[Given data — start]

(* Consider a radial three-phase distribution grid on buses $\{0,\ldots,N\}$ (feeder bus $0$, each bus $n\geq1$ with parent $\pi_n<n$, line $n$ joining $\pi_n$ and $n$), with symmetric phase impedance matrices $\mathbf{Z}_n=\mathbf{Z}_n^{\top}\in\mathbb{C}^{3\times3}$, $n=1,\ldots,N$. Let $\tilde{\mathbf{Z}}_n:=\operatorname{diag}(\boldsymbol{\alpha}^* )\mathbf{Z}_n\operatorname{diag}(\boldsymbol{\alpha})$ with $\boldsymbol{\alpha}:=[1~\alpha~\alpha^2]^{\top}$, $\alpha=e^{-j2\pi/3}$, and $\mathbf{X}:=2\mathbf{M}\,\mathrm{bdiag}(\{\mathrm{Im}[\tilde{\mathbf{Z}}_n]\})\mathbf{M}^{\top}$ with $\mathbf{M}:=\mathbf{T}(\mathbf{I}_3\otimes\mathbf{F})\mathbf{T}^{\top}$. If $\mathrm{Im}[\mathbf{Z}_n]$ is strictly diagonally dominant with positive diagonal entries for all $n$, then $\mathbf{X}\succeq\mathbf{0}$.
   Context: The full branch-bus incidence matrix $\tilde{\mathbf{A}}=[\mathbf{a}_0~\mathbf{A}]\in\mathbb{R}^{N\times(N+1)}$ has in row $n$ entry $+1$ at column $\pi_n$, $-1$ at column $n$, zeros elsewhere; $\mathbf{A}$ is the reduced incidence matrix (column of bus $0$ removed) and $\mathbf{F}:=-\mathbf{A}^{-1}$. $\mathrm{bdiag}(\{\mathbf{Y}_n\})$ is block diagonal with blocks $\mathbf{Y}_1,\ldots,\mathbf{Y}_N$. $\mathbf{T}:=[\mathbf{I}_3\otimes\mathbf{e}_1^{\top};\ldots;\mathbf{I}_3\otimes\mathbf{e}_N^{\top}]\in\mathbb{R}^{3N\times3N}$ (blocks stacked vertically), with $\mathbf{e}_n$ the $n$-th column of $\mathbf{I}_N$. $^*$ is entrywise conjugation, $\mathrm{Im}$ entrywise imaginary part. For a non-symmetric real matrix $\mathbf{Y}$, $\mathbf{Y}\succeq\mathbf{0}$ means $\mathbf{u}^{\top}\mathbf{Y}\mathbf{u}\geq0$ for all real $\mathbf{u}$. *)

theory Defs
  imports Complex_Main "Jordan_Normal_Form.Gauss_Jordan_Elimination"
begin

text \<open>Matrices are Jordan_Normal_Form matrices (0-based indices).
Buses are 0..N, lines/non-feeder buses 1..N; parent function par with par n < n.
Row i (0-based) of the reduced incidence matrix corresponds to line i+1,
column j (0-based) to bus j+1.\<close>

definition reduced_incidence :: "nat \<Rightarrow> (nat \<Rightarrow> nat) \<Rightarrow> real mat" where
  "reduced_incidence N par = mat N N (\<lambda>(i,j).
     (if j + 1 = par (i + 1) then 1 else 0) - (if j = i then 1 else 0))"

[Given data — finish]

*What you have to do*. Give the number of lines in the listing above where the word "then" appears, and nothing else.

*Written reply*. 2